How I use Obsidian in 2023


I have been using Obsidian since 2021 to take notes and keep myself organized. Over that time, my use of Obsidian has expanded and now it is critical to my daily workflow, for my work, my personal and professional development and my physical and mental health.

Obsidian allows me to keep technical notes, study for test and organize my thoughts.

Obsidian helps me track my personal goals and development.

Obsidian helps me keep on top of my work projects and tasks. I am more effective at my job and better prepared since I started to use Obsidian as part of my daily workflow.

How I have improved because of Obsidian

Obsidian was critical to my preparation for and passing of the CISSP, NSE7 and Azure Security Engineer Associate exams that I’ve taken in 2023. I passed these 3 exams in March, May and August respectively - and I would not have been able to do that in the same timeframe without Obsidian.

I work as a consultant, I am always working with multiple clients, that means I have a constantly fluctuating task list - from big projects to minor requests - that need to be tracked, actions taken, items delegated, and statuses followed up on. Before I started using Obsidian for managing my workflow I had tried other task software - online task trackers, wiki-based interfaces, Kanban style trackers, I think I’ve tried nearly everything out there over the last 15+ years. But after trying them for a few weeks, I always went back to a plain paper notebook.

Every other tool had some great features, but as a consultant I need to be able to track my time, in addition to status and next actions. Time tracking was never a built-in feature of any of the apps I tried, but it was always a thing I could write down in my notebook.

Obsidian helps me track my tasks and my time, just like a notebook has, but it’s even better - because I can keep a “daily note” and copy and paste yesterday’s details into today’s note, then remove the items that don’t need to be brought forward and add new items that come up.

I use Obsidian to track my progress towards goals and keep track of the habits I’m looking to maintain or develop.
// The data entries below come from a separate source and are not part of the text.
(* Let $(\mathcal{G},\alpha)$ be an abstract GKM graph with vertex set $\mathcal{V}$. Call a subset $F\subseteq H_T^*(\mathcal{G})\setminus\{0\}$ with $fg=0$ for all distinct $f,g\in F$ and $|F|=|\mathcal{V}|$ a maximal collection. Then: (a) $\{\tau_p: p\in\mathcal{V}\}$ is a maximal collection; (b) every maximal collection is of the form $\{c_p\tau_p: p\in\mathcal{V}\}$ with $c_p\in H^*(BT)$; (c) these properties characterize $\{\tau_p\}_{p\in\mathcal{V}}$ up to signs: if $\{g_p\}_{p\in\mathcal{V}}$ is a maximal collection such that every maximal collection is obtained from it by multiplying each $g_p$ by an element of $H^*(BT)$, then $g_p=\pm\tau_p$ for every $p$ (after suitable indexing).
   Context: $H^*(BT)=\mathbb{Z}[x_1,\dots,x_r]$ with $\deg x_i=2$. Let $\mathcal{G}$ be a finite $n$-valent undirected graph (multiple edges allowed, no loops) with vertex set $\mathcal{V}$ and set of directed edges $\mathcal{E}$; for $e\in\mathcal{E}$, $\overline e$ is the reversed edge, $i(e),t(e)$ its initial and terminal vertices, and $\mathcal{E}_p=\{e: i(e)=p\}$. An axial function $\alpha:\mathcal{E}\to H^2(BT)$ satisfies: $\alpha(\overline e)=\pm\alpha(e)$; $\alpha(e),\alpha(e')$ linearly independent over $\mathbb{Z}$ if $e\ne e'$, $i(e)=i(e')$; coefficients of each $\alpha(e)$ have gcd $1$. An abstract GKM graph is such $(\mathcal{G},\alpha)$ admitting a parallel transport, i.e. bijections $\mathcal{P}_e:\mathcal{E}_{i(e)}\to\mathcal{E}_{t(e)}$ with $\mathcal{P}_{\overline e}=\mathcal{P}_e^{-1}$, $\mathcal{P}_e(e)=\overline e$, $\alpha(\mathcal{P}_e(e'))-\alpha(e')\in\mathbb{Z}\alpha(e)$. Its graph equivariant cohomology is $H_T^*(\mathcal{G})=\{f:\mathcal{V}\to H^*(BT)\ :\ \alpha(e)\mid f(i(e))-f(t(e))\ \forall e\in\mathcal{E}\}$ with pointwise operations. The equivariant Thom class of $p\in\mathcal{V}$ is $\tau_p:\mathcal{V}\to H^*(BT)$, $\tau_p(p)=\prod_{e\in\mathcal{E}_p}\alpha(e)$, $\tau_p(q)=0$ for $q\ne p$; it lies in $H_T^{2n}(\mathcal{G})$. *)

theory Defs
  imports Main "HOL-Library.Poly_Mapping"
begin
(* Let $p\ge2$. There exist admissible constants $c,C_{6.1}>0$ such that, whenever $h<c$, $\delta^2<h$, $M^{-2/d}<h$ and $\rho\ge1$, $$\sup_{0\le i\le N}\sup_{x\in\mathcal C_i}|\bar u(t_i,x)|^2\le C_{6.1}.$$
   Context: Standing setting. Fix $d\in\mathbb N^*$, $T>0$ and functions $b:\mathbb R^d\times\mathbb R\times\mathbb R^d\to\mathbb R^d$, $f:\mathbb R^d\times\mathbb R\times\mathbb R^d\to\mathbb R$, $\sigma:\mathbb R^d\times\mathbb R\to\mathbb R^{d\times d}$, $H:\mathbb R^d\to\mathbb R$ satisfying Assumption (A): $b,f,\sigma,H$ are uniformly Lipschitz continuous in all variables; $b,f,\sigma$ are bounded in the space variable $x$ and have at most linear growth in the other variables, i.e. $|b(x,y,z)|+|f(x,y,z)|+|\sigma(x,y)|\le\Lambda(1+|y|+|z|)$; $a=\sigma\sigma^*$ is uniformly elliptic; and $H$ is bounded in $C^{2+\alpha}(\mathbb R^d)$ for some $\alpha\in(0,1)$. Let $(\Omega,\mathcal F,\mathbb P)$ carry a $d$-dimensional Brownian motion $B$ with augmented natural filtration $(\mathcal F_t)$. Discretization: $N\in\mathbb N^*$, $h=T/N$, $t_k=kh$, $\Delta B^k=B_{t_{k+1}}-B_{t_k}$. Quantization: $M\in\mathbb N^*$, a grid $\Lambda(M)=\{y_1,\dots,y_M\}\subset\mathbb R^d$ with nearest-neighbour projection $G_{\Lambda(M)}$, and $g(\Delta B^k):=h^{1/2}G_{\Lambda(M)}(h^{-1/2}\Delta B^k)$; it is assumed that for every $q\ge1$ there is $C_{\rm Quantiz}(q,d)$ with $\mathbb E[|g(\Delta B^k)-\Delta B^k|^q]^{1/q}\le C_{\rm Quantiz}(q,d)h^{1/2}M^{-1/d}$. Spatial grids: $\delta>0$, $\mathcal C_\infty=\delta\mathbb Z^d$, $\Pi_\infty(x)$ the point with coordinates $\delta\lfloor\delta^{-1}x_j+1/2\rfloor$; $R>0$, $\rho\ge1$, $r_0=R$, $r_i=R+\rho$ for $1\le i\le N$; $\Delta_i=\{x\in\mathbb R^d:-\delta\lfloor r_i/\delta\rfloor-\delta/2\le x_j<\delta\lfloor r_i/\delta\rfloor+\delta/2,\ j=1,\dots,d\}$, $\mathcal C_i=\mathcal C_\infty\cap\Delta_i$; $\mathcal Q(r,y)=\big((y_j\vee(-\delta\lfloor r/\delta\rfloor))\wedge\delta\lfloor r/\delta\rfloor\big)_{1\le j\le d}$; $\Pi_i(x)=\mathcal Q(r_i,\Pi_\infty(x))$ (so $\Pi_i(x)=\Pi_\infty(x)$ for $x\in\Delta_i$). Algorithm: for $x\in\mathcal C_N$, $\bar u(T,x)=H(x)$, $\bar v(T,x)=\nabla_xH(x)\sigma(x,H(x))$; for $k=N-1,\dots,0$ and $x\in\mathcal C_k$: $\mathcal T^0(t_k,x)=\sigma(x,\bar u(t_{k+1},x))g(\Delta B^k)$; $\hat v(t_k,x)=\mathbb E[\bar v(t_{k+1},\Pi_{k+1}(x+\mathcal T^0(t_k,x)))]$; $\mathcal T(t_k,x)=b(x,\bar u(t_{k+1},x),\hat v(t_k,x))h+\sigma(x,\bar u(t_{k+1},x))g(\Delta B^k)$; $\bar v(t_k,x)=h^{-1}\mathbb E[\bar u(t_{k+1},\Pi_{k+1}(x+\mathcal T(t_k,x)))g(\Delta B^k)]$; $\bar u(t_k,x)=\mathbb E[\bar u(t_{k+1},\Pi_{k+1}(x+\mathcal T(t_k,x)))]+f(x,\bar u(t_{k+1},x),\bar v(t_k,x))h$. A constant is called admissible if it depends only on $p$, $T$, $d$, the constants in Assumption (A) and the constants $C_{\rm Quantiz}(\cdot,d)$ (not on $h,\delta,M,R,\rho$, the starting point or the time index). *)

theory Defs
  imports "HOL-Probability.Probability"
begin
I maintain a gratitude journal in Obsidian. I track my daily caloric burn, if I went to the gym, did I get to bed before a specific time to make sure I’m getting enough sleep, so that I keep making progress towards my health and strength goals. I track if I went to the driving range, journaled, and meditated to keep my mental health up.

The Technical Bits

I’m able to do all this with Obsidian because of two main features

  1. the contents of Obsidian are just text files and
  2. the application is extensible via plugins.

The text file structure is important because it doesn’t apply any silly constraints like the size of a piece of paper and text files also allow for easy formatting using Markdown syntax - which is quick to add and flexible.
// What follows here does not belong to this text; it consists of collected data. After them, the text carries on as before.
(* Let $(X,d_X)$ and $(\Lambda,d_\Lambda)$ be complete metric spaces and, for each $\lambda\in\Lambda$, let $S_\lambda(\cdot,\cdot)$ be a process on $X$. Assume that for every $s\in\mathbb R$ and $t\ge s$ the map $\lambda\mapsto S_\lambda(t,s)x$ is continuous, uniformly for $x$ in compact subsets of $X$. Let $K\subseteq X$ be compact. Then for any $s\in\mathbb R$ and $t\ge s$ the map $(\lambda,B)\mapsto S_\lambda(t,s)B$ is jointly continuous on $\Lambda\times CB(K)$, where the images are equipped with the Hausdorff distance $\Delta_X$.
   Context: A process on $X$ is a family of maps $S(t,s):X\to X$, $s\in\mathbb R$, $t\ge s$, with $S(t,t)=\mathrm{id}$, $S(t,\tau)S(\tau,s)=S(t,s)$ for $t\ge\tau\ge s$, and $S(t,s)x$ continuous in $(x,t,s)$. $\rho_X(A,C)=\sup_{a\in A}\inf_{c\in C}d_X(a,c)$, $\Delta_X(A,C)=\max(\rho_X(A,C),\rho_X(C,A))$. $CB(K)$ is the set of nonempty closed (hence compact) subsets of $K$ with metric $\Delta_X$. *)

theory Defs
  imports "HOL-Analysis.Analysis"
begin

definition process :: "(real \<Rightarrow> real \<Rightarrow> 'a::metric_space \<Rightarrow> 'a) \<Rightarrow> bool" where
  "process S \<longleftrightarrow>
     (\<forall>t x. S t t x = x) \<and>
     (\<forall>t \<tau> s x. s \<le> \<tau> \<and> \<tau> \<le> t \<longrightarrow> S t \<tau> (S \<tau> s x) = S t s x) \<and>
     continuous_on {(x, t, s). s \<le> t} (\<lambda>(x, t, s). S t s x)"

definition hrho :: "'a::metric_space set \<Rightarrow> 'a set \<Rightarrow> real" where
  "hrho A C = (SUP a\<in>A. INF c\<in>C. dist a c)"

definition hDelta :: "'a::metric_space set \<Rightarrow> 'a set \<Rightarrow> real" where
  "hDelta A C = max (hrho A C) (hrho C A)"

definition CB :: "'a::metric_space set \<Rightarrow> 'a set set" where
  "CB K = {B. B \<subseteq> K \<and> B \<noteq> {} \<and> closed B}"

end

theory Submission
  imports Defs
begin

text \<open>The limit map g = S l0 t s is uniformly continuous on the compact set K,
  say with modulus \<eta> for \<epsilon>/4, and S l t s is uniformly \<epsilon>/4-close to g on K for l near l0.
  If B is \<eta>-close to B0 in the Hausdorff distance, every point of B has a partner in B0 at distance
  less than \<eta> and vice versa, so by the triangle inequality the images of partners are less than
  \<epsilon>/2 apart, and both Hausdorff semi-distances of the images are at most \<epsilon>/2.\<close>

lemma hrho_less_imp_near:
  fixes A C :: "'a::metric_space set"
  assumes "bounded (A \<union> C)" "C \<noteq> {}" "hrho A C < e" "a \<in> A"
  shows "\<exists>c\<in>C. dist a c < e"
proof -
  obtain M where M: "\<forall>x\<in>A \<union> C. \<forall>y\<in>A \<union> C. dist x y \<le> M"
    using bounded_two_points assms(1) by blast
  obtain c0 where c0: "c0 \<in> C" using assms(2) by blast
  have bdd_below: "bdd_below ((\<lambda>c. dist x c) ` C)" for x
    by (rule bdd_belowI[of _ 0]) auto
  have "(INF c\<in>C. dist x c) \<le> M" if "x \<in> A" for x
    using order_trans[OF cINF_lower[OF bdd_below c0]] M that c0 by blast
  then have "bdd_above ((\<lambda>x. INF c\<in>C. dist x c) ` A)"
    by (intro bdd_aboveI[of _ M]) auto
  then have "(INF c\<in>C. dist a c) \<le> hrho A C"
    unfolding hrho_def by (rule cSUP_upper[OF assms(4)])
  with assms(3) have "(INF c\<in>C. dist a c) < e" by linarith
  then show ?thesis using cINF_less_iff[OF assms(2) bdd_below] by auto
qed

lemma hrho_le_if_near:
  fixes A C :: "'a::metric_space set"
  assumes "A \<noteq> {}" "\<forall>a\<in>A. \<exists>c\<in>C. dist a c < e"
  shows "hrho A C \<le> e"
  unfolding hrho_def
proof (rule cSUP_least[OF assms(1)])
  fix a assume "a \<in> A"
  then obtain c where c: "c \<in> C" "dist a c < e" using assms(2) by blast
  have "bdd_below ((\<lambda>c. dist a c) ` C)"
    by (rule bdd_belowI[of _ 0]) auto
  then have "(INF c\<in>C. dist a c) \<le> dist a c" by (rule cINF_lower[OF _ c(1)])
  with c(2) show "(INF c\<in>C. dist a c) \<le> e" by linarith
qed

lemma hrho_image_le:
  fixes A C :: "'a::metric_space set" and f g :: "'a \<Rightarrow> 'b::metric_space"
  assumes "A \<noteq> {}" "C \<noteq> {}" "bounded (A \<union> C)" "hrho A C < \<eta>"
    and near: "\<And>a c. a \<in> A \<Longrightarrow> c \<in> C \<Longrightarrow> dist a c < \<eta> \<Longrightarrow> dist (f a) (g c) < e"
  shows "hrho (f ` A) (g ` C) \<le> e"
proof (rule hrho_le_if_near)
  show "f ` A \<noteq> {}" using assms(1) by simp
  show "\<forall>y\<in>f ` A. \<exists>z\<in>g ` C. dist y z < e"
  proof
    fix y assume "y \<in> f ` A"
    then obtain a where a: "a \<in> A" "y = f a" by blast
    then obtain c where "c \<in> C" "dist a c < \<eta>"
      using hrho_less_imp_near[OF assms(3,2,4)] by blast
    with a near show "\<exists>z\<in>g ` C. dist y z < e" by blast
  qed
qed

lemma process_continuous_on_section:
  assumes "process S" "s \<le> t"
  shows "continuous_on U (S t s)"
proof -
  have "continuous_on {(x, t, s). s \<le> t} (\<lambda>(x, t, s). S t s x)"
    using assms(1) unfolding process_def by blast
  moreover have "continuous_on U (\<lambda>x. (x, t, s))" by (intro continuous_intros)
  moreover have "(\<lambda>x. (x, t, s)) ` U \<subseteq> {(x, t, s). s \<le> t}" using assms(2) by auto
  ultimately show ?thesis
    using continuous_on_compose2[of _ "\<lambda>(x, t, s). S t s x" U "\<lambda>x. (x, t, s)"] by simp
qed

lemma hDelta_image_continuous:
  fixes g :: "'a::metric_space \<Rightarrow> 'b::metric_space"
  assumes K: "compact K" and g: "continuous_on K g" and B0: "B0 \<in> CB K" and "\<epsilon> > 0"
  shows "\<exists>\<delta>>0. \<forall>f B. B \<in> CB K \<and> (\<forall>x\<in>K. dist (f x) (g x) < \<delta>) \<and> hDelta B B0 < \<delta> \<longrightarrow>
           hDelta (f ` B) (g ` B0) < \<epsilon>"
proof -
  have "uniformly_continuous_on K g" using K g compact_uniformly_continuous by blast
  then obtain \<eta> where \<eta>: "\<eta> > 0"
    and g_unif: "\<forall>x\<in>K. \<forall>y\<in>K. dist y x < \<eta> \<longrightarrow> dist (g y) (g x) < \<epsilon>/4"
    unfolding uniformly_continuous_on_def using \<open>\<epsilon> > 0\<close> by (metis divide_pos_pos zero_less_numeral)
  have "\<forall>f B. B \<in> CB K \<and> (\<forall>x\<in>K. dist (f x) (g x) < min (\<epsilon>/4) \<eta>) \<and> hDelta B B0 < min (\<epsilon>/4) \<eta>
          \<longrightarrow> hDelta (f ` B) (g ` B0) < \<epsilon>"
  proof (intro allI impI, elim conjE)
    fix f B
    assume B: "B \<in> CB K" and fg: "\<forall>x\<in>K. dist (f x) (g x) < min (\<epsilon>/4) \<eta>"
      and BB0: "hDelta B B0 < min (\<epsilon>/4) \<eta>"
    have sub: "B \<subseteq> K" "B0 \<subseteq> K" and ne: "B \<noteq> {}" "B0 \<noteq> {}"
      using B B0 unfolding CB_def by auto
    then have bdd: "bounded (B \<union> B0)" "bounded (B0 \<union> B)"
      using K compact_imp_bounded bounded_subset by (metis Un_subset_iff)+
    have "hrho (f ` B) (g ` B0) \<le> \<epsilon>/2"
    proof (rule hrho_image_le[OF ne bdd(1)])
      show "hrho B B0 < \<eta>" using BB0 unfolding hDelta_def by simp
      fix b c assume "b \<in> B" "c \<in> B0" "dist b c < \<eta>"
      with sub have "b \<in> K" "c \<in> K" by auto
      with fg g_unif \<open>dist b c < \<eta>\<close>
      have "dist (f b) (g b) < \<epsilon>/4" "dist (g b) (g c) < \<epsilon>/4"
        by (auto simp: dist_commute)
      then show "dist (f b) (g c) < \<epsilon>/2" using dist_triangle[of "f b" "g c" "g b"] by linarith
    qed
    moreover have "hrho (g ` B0) (f ` B) \<le> \<epsilon>/2"
    proof (rule hrho_image_le[OF ne(2,1) bdd(2)])
      show "hrho B0 B < \<eta>" using BB0 unfolding hDelta_def by simp
      fix b c assume "b \<in> B0" "c \<in> B" "dist b c < \<eta>"
      with sub have "b \<in> K" "c \<in> K" by auto
      with fg g_unif \<open>dist b c < \<eta>\<close>
      have "dist (g b) (g c) < \<epsilon>/4" "dist (g c) (f c) < \<epsilon>/4"
        by (auto simp: dist_commute)
      then show "dist (g b) (f c) < \<epsilon>/2" using dist_triangle[of "g b" "f c" "g c"] by linarith
    qed
    ultimately show "hDelta (f ` B) (g ` B0) < \<epsilon>"
      unfolding hDelta_def using \<open>\<epsilon> > 0\<close> by linarith
  qed
  then show ?thesis using \<open>\<epsilon> > 0\<close> \<eta> by (intro exI[of _ "min (\<epsilon>/4) \<eta>"]) auto
qed

theorem lemma3p2:
  fixes S :: "'l::complete_space \<Rightarrow> real \<Rightarrow> real \<Rightarrow> 'a::complete_space \<Rightarrow> 'a"
    and K :: "'a set"
  assumes proc: "\<And>l. process (S l)"
    and unif: "\<And>s t C l0 \<epsilon>. s \<le> t \<Longrightarrow> compact C \<Longrightarrow> \<epsilon> > 0 \<Longrightarrow>
                 \<exists>\<delta>>0. \<forall>l. dist l l0 < \<delta> \<longrightarrow>
                        (\<forall>x\<in>C. dist (S l t s x) (S l0 t s x) < \<epsilon>)"
    and K: "compact K"
  shows "\<forall>s t. s \<le> t \<longrightarrow>
           (\<forall>l0 B0 \<epsilon>. B0 \<in> CB K \<and> \<epsilon> > 0 \<longrightarrow>
              (\<exists>\<delta>>0. \<forall>l B. B \<in> CB K \<and> dist l l0 < \<delta> \<and> hDelta B B0 < \<delta> \<longrightarrow>
                  hDelta (S l t s ` B) (S l0 t s ` B0) < \<epsilon>))"
proof (intro allI impI, elim conjE)
  fix s t :: real and l0 B0 and \<epsilon> :: real
  assume st: "s \<le> t" and B0: "B0 \<in> CB K" and "\<epsilon> > 0"
  obtain \<delta> where "\<delta> > 0" and image_close:
    "\<forall>f B. B \<in> CB K \<and> (\<forall>x\<in>K. dist (f x) (S l0 t s x) < \<delta>) \<and> hDelta B B0 < \<delta> \<longrightarrow>
       hDelta (f ` B) (S l0 t s ` B0) < \<epsilon>"
    using hDelta_image_continuous[OF K process_continuous_on_section[OF proc st] B0 \<open>\<epsilon> > 0\<close>]
    by blast
  obtain \<delta>' where "\<delta>' > 0"
    and map_close: "\<forall>l. dist l l0 < \<delta>' \<longrightarrow> (\<forall>x\<in>K. dist (S l t s x) (S l0 t s x) < \<delta>)"
    using unif[OF st K \<open>\<delta> > 0\<close>] by blast
  show "\<exists>\<delta>>0. \<forall>l B. B \<in> CB K \<and> dist l l0 < \<delta> \<and> hDelta B B0 < \<delta> \<longrightarrow>
          hDelta (S l t s ` B) (S l0 t s ` B0) < \<epsilon>"
    using \<open>\<delta> > 0\<close> \<open>\<delta>' > 0\<close> image_close map_close
    by (intro exI[of _ "min \<delta> \<delta>'"]) auto
qed

end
The plugin support extends the application to increase the functionality - for example there is a built in Template plug in, it works well for populating a new note with simple content. However, Obsidian also supports community developed plugins - like the Templater plugin, which I use because it provides additional options. There are a few other plugins that I’m using currently.


Reflecting on my last 2 or so years of using Obsidian to write this has been an interesting process. I have been self-motivated to achieve goals and improve for a long time, but adding the structure that Obsidian helps me provide to myself has accelerated my progress by helping me stay focused on the things I’m working on for longer so that my progress continues to build on itself. That compounding improvement has spread to so many parts of my life. I haven’t come across a similar tool that could so easily slot into so many parts of my life and provide such a huge payback.